### ASSIGNMENT
For each line below that holds "also", return the line as it stands.
[Start of Attachment]
lemma has_real_derivative_integral_upper:
  assumes "continuous_on UNIV g" "a < x"
  shows "((\<lambda>y. integral {a..y} g) has_real_derivative g x) (at x)"
proof -
  have "((\<lambda>y. integral {a..y} g) has_real_derivative g x) (at x within {a..x + 1})"
    by (rule integral_has_real_derivative[OF continuous_on_subset[OF assms(1)]]) (use assms(2) in auto)
  then show ?thesis using assms(2) by (simp add: at_within_Icc_at)
qed

lemma integral_Dp:
  "smooth_real f \<Longrightarrow> a \<le> b \<Longrightarrow> integral {a..b} (\<lambda>q. Dp f (q, t)) = f (b, t) - f (a, t)"
  by (intro integral_unique fundamental_theorem_of_calculus)
     (simp_all add: has_real_derivative_iff_has_vector_derivative[symmetric] smooth_real_Dp_deriv)

lemma Dt_diff_eq_integral_Dt_Dp:
  assumes f: "smooth_real f" and "a \<le> x"
  shows "Dt f (x, t) - Dt f (a, t) = integral {a..x} (\<lambda>q. Dt (Dp f) (q, t))"
proof -
  have "((\<lambda>s. f (x, s) - f (a, s)) has_real_derivative Dt f (x, t) - Dt f (a, t)) (at t)"
    by (intro derivative_intros smooth_real_Dt_deriv[OF f])
  moreover have "(\<lambda>s. f (x, s) - f (a, s)) = (\<lambda>s. integral {a..x} (\<lambda>q. Dp f (q, s)))"
    using integral_Dp[OF assms] by simp
  ultimately have "((\<lambda>s. integral {a..x} (\<lambda>q. Dp f (q, s))) has_real_derivative Dt f (x, t) - Dt f (a, t)) (at t)"
    by simp
  from DERIV_unique[OF this has_real_derivative_integral_p[OF smooth_real_dir_deriv[OF f]]]
  show ?thesis .
qed

lemma Dt_Dp_commute:
  assumes f: "smooth_real f"
  shows "Dt (Dp f) = Dp (Dt f)"
proof (rule ext, clarify)
  fix p t :: real
  have "continuous_on UNIV (\<lambda>q. Dt (Dp f) (q, t))"
    by (intro smooth_real_continuous_on_p smooth_real_dir_deriv f)
  from has_real_derivative_integral_upper[OF this, of "p - 1" p]
  have "((\<lambda>x. Dt f (p - 1, t) + integral {p - 1..x} (\<lambda>q. Dt (Dp f) (q, t)))
          has_real_derivative Dt (Dp f) (p, t)) (at p)"
    by (auto intro: derivative_eq_intros)
  then have "((\<lambda>x. Dt f (x, t)) has_real_derivative Dt (Dp f) (p, t)) (at p)"
  proof (rule has_field_derivative_transform_within_open[where S="{p - 1<..}"])
    fix x assume "x \<in> {p - 1<..}"
    then show "Dt f (p - 1, t) + integral {p - 1..x} (\<lambda>q. Dt (Dp f) (q, t)) = Dt f (x, t)"
      using Dt_diff_eq_integral_Dt_Dp[OF f, of "p - 1" x t] by simp
  qed auto
  from DERIV_unique[OF this smooth_real_Dp_deriv[OF smooth_real_dir_deriv[OF f]]]
  show "Dt (Dp f) (p, t) = Dp (Dt f) (p, t)" .
qed

section \<open>Functions of period \<open>1\<close> in \<open>p\<close>\<close>

definition periodic_p :: "(real \<times> real \<Rightarrow> real) \<Rightarrow> bool" where
  "periodic_p f \<longleftrightarrow> (\<forall>p t. f (p + 1, t) = f (p, t))"

lemma periodic_p_dir_deriv:
  assumes "periodic_p f" shows "periodic_p (dir_deriv e f)"
  unfolding periodic_p_def
proof (intro allI)
  fix p t
  have "(\<lambda>s. f ((p + 1, t) + s *\<^sub>R e)) = (\<lambda>s. f ((p, t) + s *\<^sub>R e))"
  proof
    fix s
    have "f ((p + s * fst e) + 1, t + s * snd e) = f (p + s * fst e, t + s * snd e)"
      using assms unfolding periodic_p_def by blast
    then show "f ((p + 1, t) + s *\<^sub>R e) = f ((p, t) + s *\<^sub>R e)"
      by (cases e) (simp add: algebra_simps)
  qed
  then show "dir_deriv e f (p + 1, t) = dir_deriv e f (p, t)" unfolding dir_deriv_def by simp
qed

lemma periodic_p_nat: "periodic_p f \<Longrightarrow> f (p + real n, t) = f (p, t)"
proof (induction n)
  case (Suc n)
  have "f (p + real (Suc n), t) = f ((p + real n) + 1, t)" by (simp add: algebra_simps)
  also have "\<dots> = f (p + real n, t)" using Suc.prems unfolding periodic_p_def by blast
  finally show ?case using Suc by simp
qed simp

lemma periodic_p_int:
  assumes "periodic_p f" shows "f (p + of_int n, t) = f (p, t)"
proof (cases "n \<ge> 0")
  case True
  then show ?thesis using periodic_p_nat[OF assms, of p "nat n" t] by simp
next
  case False
  have "f (p + of_int n, t) = f ((p + of_int n) + real (nat (-n)), t)"
    using periodic_p_nat[OF assms, of "p + of_int n" "nat (-n)" t] by simp
  also have "\<dots> = f (p, t)" using False by simp
  finally show ?thesis .
qed

lemma periodic_p_reduce:
  obtains q where "q \<in> {a..<a + 1}" "\<And>f. periodic_p f \<Longrightarrow> f (p, t) = f (q, t)"
proof -
  define n where "n = \<lfloor>p - a\<rfloor>"
  have "of_int n \<le> p - a" "p - a < of_int n + 1"
    using floor_correct[of "p - a"] unfolding n_def by auto
  then have "p - of_int n \<in> {a..<a + 1}" by simp
  moreover have "f (p, t) = f (p - of_int n, t)" if "periodic_p f" for f
    using periodic_p_int[OF that, of "p - of_int n" n t] by simp
  ultimately show thesis using that by blast
qed

lemma integral_Dp_periodic:
  "smooth_real f \<Longrightarrow> periodic_p f \<Longrightarrow> integral {a..a + 1} (\<lambda>q. Dp f (q, t)) = 0"
  by (simp add: integral_Dp periodic_p_def)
[End of Attachment]
### ANSWER TO THIS EXERCISE
  also have "\<dots> = f (p + real n, t)" using Suc.prems unfolding periodic_p_def by blast
  also have "\<dots> = f (p, t)" using False by simp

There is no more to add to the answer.